Question

Question: Method to get normalize allele specific read counts

0

Entering edit mode

hemantcnaik • 0

@hemantcnaik-23771

Last seen 12 months ago

India

Dear all,

I am currently have allele specific read count wanted normalize data At the moment, I am focusing on RLE normalization, which is mentioned in paper https://academic.oup.com/bioinformatics/article/36/2/504/5539691 using edgeR package trying to do the normalization.

using edgeR running code I have two matrix file for allelic count alleleA and alleleB

finding library size factor for total read count alleleA+ alleleB and using this size factor to normalize alleleA and alleleB normalization is it making sense please suggest me

scale.factors<- calcNormFactors(alleleA+alleleB, method = "RLE")

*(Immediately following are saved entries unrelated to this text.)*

lemma t_obs_le:
  fixes \<psi> :: "real \<Rightarrow> real"
  assumes \<psi>: "\<psi> \<in> borel_measurable lborel" and "0 \<le> \<alpha>" "\<alpha> < 1" "0 \<le> R"
  shows "t_obs \<alpha> R \<psi> xO yO yT \<le> 2 * R / (1 - \<alpha>)"
proof -
  define S where "S = {t. 0 \<le> t \<and> sqdist_OT \<alpha> \<psi> xO yO yT t \<le> R\<^sup>2}"
  define t2 where "t2 = t2_time \<alpha> R \<psi> xO yO yT"
  define tf where "tf = tf_time \<alpha> R \<psi> xO yO yT"
  define B where "B = 2 * R / (1 - \<alpha>)"
  have "0 \<le> B" using assms unfolding B_def by simp
  have "bdd_below S" unfolding S_def bdd_below_def by auto
  show ?thesis
  proof (cases "S = {}")
    case True
    with \<open>0 \<le> B\<close> show ?thesis unfolding t_obs_def S_def B_def by simp
  next
    case False
    \<comment> \<open>Uses only that no exit time lies below \<open>tf\<close>; so it also holds when there is no
      exit time at all and \<open>tf = Inf {}\<close> is unspecified.\<close>
    have inside: "sqdist_OT \<alpha> \<psi> xO yO yT w \<le> R\<^sup>2" if "t2 \<le> w" "w < tf" for w
    proof (rule ccontr)
      assume "\<not> ?thesis"
      with that have "tf \<le> w"
        unfolding tf_def tf_time_def t2_def[symmetric] by (intro cInf_lower) (auto simp: bdd_below_def)
      with \<open>w < tf\<close> show False by simp
    qed
    have tf_bound: "tf - B \<le> u" if "u \<in> S" for u
    proof (cases "tf \<le> u")
      case True with \<open>0 \<le> B\<close> show ?thesis by simp
    next
      case False
      have "t2 \<le> u"
        using that \<open>bdd_below S\<close> unfolding t2_def t2_time_def S_def[symmetric] by (rule cInf_lower)
      have window: "w \<le> u + B" if "u < w" "w < tf" for w
      proof -
        have "(1 - \<alpha>) * (w - u) \<le> 2 * R"
          using target_outruns_observer[OF \<psi> \<open>0 \<le> \<alpha>\<close>, of u w xO yO yT] \<open>u \<in> S\<close> inside[of w] that \<open>t2 \<le> u\<close>
          unfolding S_def by (simp add: sqdist_OT_le_iff[OF \<open>0 \<le> R\<close>])
        with assms show ?thesis unfolding B_def by (simp add: field_simps)
      qed
      from False have "u < tf" by simp
      then have "tf \<le> u + B" using window by (rule dense_le_bounded)
      then show ?thesis by simp
    qed
    have "tf - B \<le> t2"
      unfolding t2_def t2_time_def S_def[symmetric] using False tf_bound by (rule cInf_greatest)
    moreover have "t_obs \<alpha> R \<psi> xO yO yT = tf - t2"
      using False unfolding t_obs_def S_def[symmetric] t2_def[symmetric] tf_def[symmetric] by simp
    ultimately show ?thesis unfolding B_def by simp
  qed
qed

lemma obs_pos_const_heading:
  assumes "0 \<le> t"
  shows "obs_pos \<alpha> (\<lambda>_. \<theta>) xO yO t = (xO, yO) + (\<alpha> * t) *\<^sub>R (cos \<theta>, sin \<theta>)"
  using assms by (simp add: obs_pos_def obs_x_def obs_y_def set_integral_const)

lemma dist_const_heading_target:
  assumes "0 \<le> t"
  shows "dist (obs_pos \<alpha> (\<lambda>_. \<theta>) xO yO t) (target_pos yT t) =
    norm ((xO, yO - yT) + t *\<^sub>R (\<alpha> * cos \<theta>, \<alpha> * sin \<theta> - 1))"
  using assms by (simp add: obs_pos_const_heading target_pos_def dist_norm algebra_simps)

lemma norm_affine_le_between:
  fixes a b :: "'a::real_normed_vector"
  assumes "s \<le> t" "t \<le> w" "norm (a + s *\<^sub>R b) \<le> r" "norm (a + w *\<^sub>R b) \<le> r"
  shows "norm (a + t *\<^sub>R b) \<le> r"
proof (cases "s = w")
  case True
  with assms show ?thesis by (metis order_antisym)
next
  case False
  have "(w - s) * norm (a + t *\<^sub>R b) = norm ((w - s) *\<^sub>R (a + t *\<^sub>R b))"
    using assms(1,2) by simp
  also have "(w - s) *\<^sub>R (a + t *\<^sub>R b) = (w - t) *\<^sub>R (a + s *\<^sub>R b) + (t - s) *\<^sub>R (a + w *\<^sub>R b)"
    by (simp add: algebra_simps)
  also have "norm \<dots> \<le> (w - t) * norm (a + s *\<^sub>R b) + (t - s) * norm (a + w *\<^sub>R b)"
    using assms(1,2) norm_triangle_ineq[of "(w - t) *\<^sub>R (a + s *\<^sub>R b)" "(t - s) *\<^sub>R (a + w *\<^sub>R b)"]
    by simp
  also have "\<dots> \<le> (w - t) * r + (t - s) * r"
    using assms by (intro add_mono mult_left_mono) auto
  also have "\<dots> = (w - s) * r"
    by (simp add: algebra_simps)
  finally show ?thesis
    using assms(1,2) False by simp
qed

count_normalizedA=sweep(alleleA, MARGIN=2, scale.factors, "/" )*mean(scale.factors)

count_normalizedB=sweep(alleleB, MARGIN=2, scale.factors, "/" )* mean(scale.factors)

What is the appropriate way to obtained normalized counts within edgeR package for RLE or TMM normalization ?

Best,

Hemant

edger normalization • 1.6k views

ADD COMMENT • link updated 5.0 years ago by Aaron Lun ★ 28k • written 5.0 years ago by hemantcnaik • 0

0

Entering edit mode

Hi If anyone has a suggestion please let me know.

I would appreciate any help Thanks

ADD REPLY • link 5.0 years ago hemantcnaik • 0

score 2 · Accepted Answer · 2020-07-02

edgeR doesn't have a function to compute normalized counts because it doesn't use them for anything. All models are fitted with the raw counts, using offsets to account for differences in sequencing depth. This is the most accurate approach to modelling as it accommodates changes in the mean-variance relationship with count size.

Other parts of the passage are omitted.